Los jóvenes habían protagonizado la semana pasada una manifestación similar frente a la embajada cubana para exigir que el mandatario retornara al país, cuando llevaba cerca de 70 días en la isla y en medio de acusaciones de que las decisiones del gobierno venezolano estaban siendo tomadas por el régimen de Raúl Castro.
Chávez, quien padece de un cáncer cuya gravedad es desconocida por los venezolanos, habría retornado el fin de semana, según el anuncio oficial, pero nadie lo vio llegar.
El anuncio del regreso se hizo horas después de que el gobierno divulgara unas fotos del mandatario acompañado por sus hijas, como una especie de prueba de que aún continuaba vivo.
Pero la fe de vida suministrada no fue lo suficientemente contundente como para apaciguar las dudas sobre las condiciones físicas del mandatario, dijo Jesús Seguías, presidente de la encuestadora DatinCorp.
(...) La fotografía, que para empezar carecía de la fuerza de un video, mostraba a Chávez con sus dos hijas en una habitación normal, que dejaba entrever que el mandatario ya no se encontraba en terapia intensiva.
“Pero de pronto, a los pocos días de esas fotografías, viene de gallos y de media noche, escondido, y nadie sabe, y nadie lo ha visto, no hay ninguna evidencia, entonces resulta que genera un manto de dudas”, expresó Seguías.
(...)“Este es el continuismo de una política de incertidumbre y de misterio. En este caso, Chávez llega a Venezuela y continúa sin verse. Desde el punto de vista estratégico para la revolución, es el esquema de incertidumbre y de ansiedad al que se sigue jugando para crear en torno a él, un personaje mitológico y de expectativas latentes”, dijo (l analista Orlando Viera-Blanco).

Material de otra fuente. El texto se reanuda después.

definition unif_cube_expectation :: "nat \<Rightarrow> ((nat \<Rightarrow> nat) \<Rightarrow> real) \<Rightarrow> real" where
  "unif_cube_expectation m f = (\<Sum>x\<in>cube m. f x) / real (card (cube m))"

end

theory Submission
  imports Defs "HOL-Number_Theory.Cong"
begin

text \<open>
  On residues \<open>r < p\<close> one has \<open>q_p p r = (1 - \<bar>sin (2\<pi>r/p)\<bar>) / 2\<close>; for odd \<open>p\<close> the map
  \<open>r \<mapsto> 2r mod p\<close> permutes the residues, so the average of \<open>q_p p\<close> over a period is
  \<open>1/2 - (\<Sum>k<p. sin (\<pi>k/p)) / (2p)\<close>, and the sine sum telescopes to
  \<open>cot (\<pi>/(2p)) \<ge> 2p/\<pi> - 1\<close>. The Hamming weight of a uniform point of \<open>{0,1}\<^sup>m\<close> is binomial,
  and filtering the binomial sum of the \<open>p\<close>-periodic function \<open>q_p p\<close> by \<open>p\<close>-th roots of unity
  \<open>\<omega>\<close> gives this average plus error terms weighted by \<open>((1 + \<omega>\<^sup>j) / 2)\<^sup>m\<close>, \<open>0 < j < p\<close>, each
  of modulus at most \<open>cos (\<pi>/p)\<^sup>m \<le> exp (- m/p\<^sup>2)\<close>.
\<close>

section \<open>The function q_p on a period\<close>

lemma sin_add_of_nat_mult_pi: "sin (x + real d * pi) = (-1) ^ d * sin x"
  by (simp add: sin_add)

lemma cos_add_of_nat_mult_pi: "cos (x + real d * pi) = (-1) ^ d * cos x"
  by (simp add: cos_add)

lemma q_p_mod:
  assumes "p > 0"
  shows "q_p p (int k) = q_p p (int (k mod p))"
proof -
  have k: "real k = real (k mod p) + real (k div p) * real p"
    by (metis div_mult_mod_eq of_nat_add of_nat_mult add.commute)
  have shift: "- pi/4 + pi / real p * real k
      = (- pi/4 + pi / real p * real (k mod p)) + real (k div p) * pi"
    using assms by (simp add: k field_simps)
  have sign: "((-1::real) ^ d)\<^sup>2 = 1" for d
    by (simp add: power_mult[symmetric] mult.commute[of d])
  have "(sin (- pi/4 + pi / real p * real k))\<^sup>2 = (sin (- pi/4 + pi / real p * real (k mod p)))\<^sup>2"
    "(cos (- pi/4 + pi / real p * real k))\<^sup>2 = (cos (- pi/4 + pi / real p * real (k mod p)))\<^sup>2"
    unfolding shift sin_add_of_nat_mult_pi cos_add_of_nat_mult_pi
    by (simp_all add: power_mult_distrib sign)
  then show ?thesis
    unfolding q_p_def of_int_of_nat_eq zmod_int[symmetric] by (simp add: zmod_int)
qed

lemma q_p_eq_abs_sin:
  assumes "r < p"
  shows "q_p p (int r) = (1 - \<bar>sin (2 * pi * real r / real p)\<bar>) / 2"
proof -
  have p: "real p > 0" using assms by simp
  define a where "a = 2 * pi * real r / real p"
  have a_range: "0 \<le> a" "a < 2 * pi" using assms p by (auto simp: a_def field_simps)
  have double: "2 * (- pi/4 + pi / real p * real r) = a - pi/2"
    using p by (simp add: a_def field_simps)
  have "cos (a - pi/2) = sin a" by (simp add: cos_diff)
  then have sin2: "(sin (- pi/4 + pi / real p * real r))\<^sup>2 = (1 - sin a) / 2"
    and cos2: "(cos (- pi/4 + pi / real p * real r))\<^sup>2 = (1 + sin a) / 2"
    using cos_double_sin[of "- pi/4 + pi / real p * real r"]
      cos_double_cos[of "- pi/4 + pi / real p * real r"] double by simp_all
  have mod: "int r mod int p = int r" using assms by simp
  show ?thesis
  proof (cases "real r < real p / 2")
    case True
    then have "a \<le> pi" using p by (simp add: a_def field_simps)
    then have "sin a \<ge> 0" using a_range sin_ge_zero by blast
    then show ?thesis unfolding q_p_def mod using True sin2 by (simp add: a_def)
  next
    case False
    then have "a \<ge> pi" using p by (simp add: a_def field_simps)
    then have "sin (a - pi) \<ge> 0" using a_range sin_ge_zero[of "a - pi"] by simp
    then have "sin a \<le> 0" by (simp add: sin_diff)
    then show ?thesis unfolding q_p_def mod using False cos2 by (simp add: a_def)
  qed
qed

lemma q_p_nonneg: "0 \<le> q_p p k"
  and q_p_le_one: "q_p p k \<le> 1"
  unfolding q_p_def by (auto simp: abs_square_le_1)

section \<open>The average of q_p over a period\<close>

lemma sum_sin_mult_sin_telescope:
  "(\<Sum>k<N. 2 * sin (x/2) * sin (real k * x)) = cos (x/2) - cos ((real N - 1/2) * x)"
proof (induction N)
  case 0
  then show ?case by simp
next
  case (Suc N)
  have "(real N - 1/2) * x = real N * x - x/2" "(real (Suc N) - 1/2) * x = real N * x + x/2"
    by (simp_all add: algebra_simps)
  then have "2 * sin (x/2) * sin (real N * x) = cos ((real N - 1/2) * x) - cos ((real (Suc N) - 1/2) * x)"
    by (simp add: cos_diff cos_add)
  then show ?case using Suc by simp
qed

lemma sum_sin_pi_div_mult_sin:
  assumes "p > 0"
  shows "(\<Sum>k<p. sin (pi * real k / real p)) * sin (pi / (2 * real p)) = cos (pi / (2 * real p))"
proof -
  have "(real p - 1/2) * (pi / real p) = pi - pi / (2 * real p)"
    using assms by (simp add: field_simps)
  then have "2 * ((\<Sum>k<p. sin (pi * real k / real p)) * sin (pi / (2 * real p)))
      = 2 * cos (pi / (2 * real p))"
    using sum_sin_mult_sin_telescope[of "pi / real p" p]
    by (simp add: sum_distrib_left sum_distrib_right mult_ac cos_diff)
  then show ?thesis by simp
qed

lemma one_minus_le_cos:
  fixes y :: real
  assumes "0 \<le> y" "y \<le> 2"
  shows "1 - y \<le> cos y"
proof -
  have "(sin (y/2))\<^sup>2 = \<bar>sin (y/2)\<bar>\<^sup>2" by simp
  also have "\<dots> \<le> (y/2)\<^sup>2"
    using abs_sin_x_le_abs_x[of "y/2"] assms by (intro power_mono) auto
  finally have "(sin (y/2))\<^sup>2 \<le> (y/2)\<^sup>2" .
  moreover have "(y/2)\<^sup>2 * 2 \<le> y" using assms mult_left_mono[of y 2 y] by (simp add: power2_eq_square)
  ultimately show ?thesis using cos_double_sin[of "y/2"] by simp
qed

“Pero desde el punto institucional, es una situación absolutamente inaceptable. Es una burla a la credibilidad de la buena fe de los venezolanos y es un proceso que está convirtiendo a Venezuela [país que antes de la revolución contaba con un largo legado democrático de instituciones sólidas] en una república bananera y habanera”, expresó.